» Problem to work on:
Nothing in the entries may differ when you return them.

»»

(* Let $R$ be a ring of characteristic $0$ and let $p,q$ be integers with $1\le p\le 3$ and $1\le q\le 5$. Suppose $R$ has the $2$-nil-sum property of type $(p,q)$, i.e. every non central-unit $a\in R$ can be written as $a=b+c$ with $b,c\in R$, $b^p=0$ and $c^q=0$. Then $R$ is commutative.
   Context: All rings are associative with identity. A central unit of $R$ is a unit of $R$ lying in the center of $R$; a non central-unit is an element that is not a central unit. *)

theory Defs
  imports Main
begin

definition ring_unit :: "'a::ring_1 \<Rightarrow> bool" where
  "ring_unit x \<longleftrightarrow> (\<exists>y. x * y = 1 \<and> y * x = 1)"

definition central :: "'a::ring_1 \<Rightarrow> bool" where
  "central x \<longleftrightarrow> (\<forall>y. x * y = y * x)"

definition central_unit :: "'a::ring_1 \<Rightarrow> bool" where
  "central_unit x \<longleftrightarrow> ring_unit x \<and> central x"

definition two_nil_sum :: "nat \<Rightarrow> nat \<Rightarrow> 'a::ring_1 itself \<Rightarrow> bool" where
  "two_nil_sum p q (T :: 'a itself) \<longleftrightarrow>
     (\<forall>a::'a. \<not> central_unit a \<longrightarrow> (\<exists>b c. a = b + c \<and> b ^ p = 0 \<and> c ^ q = 0))"

end

theory Submission
  imports Defs "HOL-Library.Sublist" "Jordan_Normal_Form.Schur_Decomposition"
begin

««

» Result for this exercise:
(* Let $R$ be a ring of characteristic $0$ and let $p,q$ be integers with $1\le p\le 3$ and $1\le q\le 5$. Suppose $R$ has the $2$-nil-sum property of type $(p,q)$, i.e. every non central-unit $a\in R$ can be written as $a=b+c$ with $b,c\in R$, $b^p=0$ and $c^q=0$. Then $R$ is commutative.
   Context: All rings are associative with identity. A central unit of $R$ is a unit of $R$ lying in the center of $R$; a non central-unit is an element that is not a central unit. *)

theory Defs
  imports Main
begin

definition ring_unit :: "'a::ring_1 \<Rightarrow> bool" where
  "ring_unit x \<longleftrightarrow> (\<exists>y. x * y = 1 \<and> y * x = 1)"

definition central :: "'a::ring_1 \<Rightarrow> bool" where
  "central x \<longleftrightarrow> (\<forall>y. x * y = y * x)"

definition central_unit :: "'a::ring_1 \<Rightarrow> bool" where
  "central_unit x \<longleftrightarrow> ring_unit x \<and> central x"

definition two_nil_sum :: "nat \<Rightarrow> nat \<Rightarrow> 'a::ring_1 itself \<Rightarrow> bool" where
  "two_nil_sum p q (T :: 'a itself) \<longleftrightarrow>
     (\<forall>a::'a. \<not> central_unit a \<longrightarrow> (\<exists>b c. a = b + c \<and> b ^ p = 0 \<and> c ^ q = 0))"

end

theory Submission
  imports Defs "HOL-Library.Sublist" "Jordan_Normal_Form.Schur_Decomposition"
begin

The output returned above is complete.